Well... when I think of 'red'. I imagine something red and experience redness. When I dream. Have you never dreamed of anything red?

No.

This is what I was referring to earlier about something I learned about only comparatively recently, I do not have what is called "a minds eye".

For all my life I thought people were just being poetic about "seeing" things when they close their eyes, when they said "I can imagine a red apple". I did not realise that you all actually meant you see something like you see something in the real world. I cannot "visualise" anything in my minds eye, when I think about someone I can not call up their face in my mind, I cannot "experience red" unless I am looking at something that is red.

https://en.wikipedia.org/wiki/Aphantasia

This means I have no separate "experience of redness" away from my direct perception of things that are red. Therefore I do not have "qualia" so even if they exist they are not a necessary component of consciousness.
 
You've refuted a stupid claim that no one is making with a semantic argument.

From the beginning of qualia being brought into the thread:

I'd say qualia is the experience of the perception. The perception can - and indeed has - been measured, but there is no method, even theoretically speaking, to measure qualia.
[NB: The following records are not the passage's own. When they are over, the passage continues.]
lemma Inter_far_sides_connected:
  assumes conn: "connected_graph N E" and EN: "\<forall>e\<in>E. e \<subseteq> N" and u: "u \<in> N"
    and far: "\<forall>i\<in>I. x i \<in> N \<and> u \<notin> side E {x i, y i} (x i) \<and> y i \<notin> side E {x i, y i} (x i)"
  defines "V \<equiv> {v \<in> N. \<forall>i\<in>I. v \<in> side E {x i, y i} (x i)}"
  assumes "I \<noteq> {}" "V \<noteq> {}"
  shows "connected_graph V (induced_edges E V)"
proof -
  obtain v0 where v0: "v0 \<in> V" "\<And>v. v \<in> V \<Longrightarrow> graph_dist E u v0 \<le> graph_dist E u v"
    using ex_has_least_nat[of "\<lambda>v. v \<in> V" _ "graph_dist E u"] \<open>V \<noteq> {}\<close> by blast
  have "v \<in> V \<Longrightarrow> (v, v0) \<in> (adj_rel (induced_edges E V))\<^sup>*" for v
  proof (induction "graph_dist E u v" arbitrary: v rule: less_induct)
    case less
    show ?case
    proof (cases "v = v0")
      case False
      \<comment> \<open>otherwise x i = v would be strictly closer to u than v0 \<in> side E {x i, y i} (x i)\<close>
      have not_x: "v \<noteq> x i" if "i \<in> I" for i
        using far_side_closest[OF conn EN u, of "x i" "y i" v0] far v0 that less.prems False
        by (fastforce simp: V_def)
      have "u \<notin> V" using far \<open>I \<noteq> {}\<close> by (auto simp: V_def)
      then obtain p where p: "(v, p) \<in> adj_rel E" "graph_dist E u p < graph_dist E u v"
        using graph_dist_parent[OF conn u] less.prems by (auto simp: V_def)
      have "p \<in> V"
        unfolding V_def
      proof (intro CollectI conjI ballI)
        show "p \<in> N" using p(1) EN by (auto simp: adj_rel_def)
        fix i assume i: "i \<in> I"
        have "{v, p} \<noteq> {x i, y i}"
          using not_x[OF i] far i less.prems by (auto simp: V_def doubleton_eq_iff)
        then show "p \<in> side E {x i, y i} (x i)"
          using side_step[OF _ p(1)] less.prems i by (auto simp: V_def)
      qed
      with p(1) less.prems have "(v, p) \<in> adj_rel (induced_edges E V)"
        by (auto simp: adj_rel_def induced_edges_def)
      then show ?thesis using less.hyps[OF p(2) \<open>p \<in> V\<close>] by (rule converse_rtrancl_into_rtrancl)
    qed simp
  qed
  then show ?thesis by (blast intro: connected_graph_if_hub)
qed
Hence, some say it doesn't even exist, which I find literally incredible.

There was a recent experiment where impulses in the brain were re-engineered into images, based on pattern recognition data built up over earlier experiments, so a person could look at an object and from the electrical activity of their brain alone, an image of that object could be displayed on a monitor. This is dealing with perception. The qualia is the feeling of how that object is experienced in consciousness.
 
No.

This is what I was referring to earlier about something I learned about only comparatively recently, I do not have what is called "a minds eye".

For all my life I thought people were just being poetic about "seeing" things when they close their eyes, when they said "I can imagine a red apple". I did not realise that you all actually meant you see something like you see something in the real world. I cannot "visualise" anything in my minds eye, when I think about someone I can not call up their face in my mind, I cannot "experience red" unless I am looking at something that is red.

https://en.wikipedia.org/wiki/Aphantasia

This means I have no separate "experience of redness" away from my direct perception of things that are red. Therefore I do not have "qualia" so even if they exist they are not a necessary component of consciousness.

Really? That's quite amazing if so, sans sarcasm. I have no idea what that would be like. If I relax, especially before sleep, I can visualise objects very clearly, and I can also lucid dream at will - the images in lucid dreams far exceed the clarity of everyday life and you're fully conscious all the time. I must say, if I lost this ability I might jump in the river.
 
Yes, precisely, you are constantly zoned out, every waking moment of your life. You are always "blind" to a lot of the input all your scenes are receiving. You cannot pay attention to everything at once, but pick the important things to pay attention to.
Blindsight is the same, you literally lose the ability to focus your attention on your sight. "You can be as consciously focused as you like but you won't see anything".
Brain scans show that the visual cortex of a blindsighted person is receiving the input and processing it, even they are not aware of it and cannot focus their attention on it.

No - the scans show the "primary" visual systems are destroyed, they also show that other parts of the brain can and still do process visual stimulus. It appears that our consciousness requires the visual cortex intact for us to be able to invoke the internal narrator (consciousness) to say we can see something.



Saying that I don't know why this is meant to be significant in any way to the reason why we can't use science to describe and understand consciousness. It in fact suggests avenues of approach for how consciousness works. It makes it more likely that we will be able to accurately explain consciousness via "science".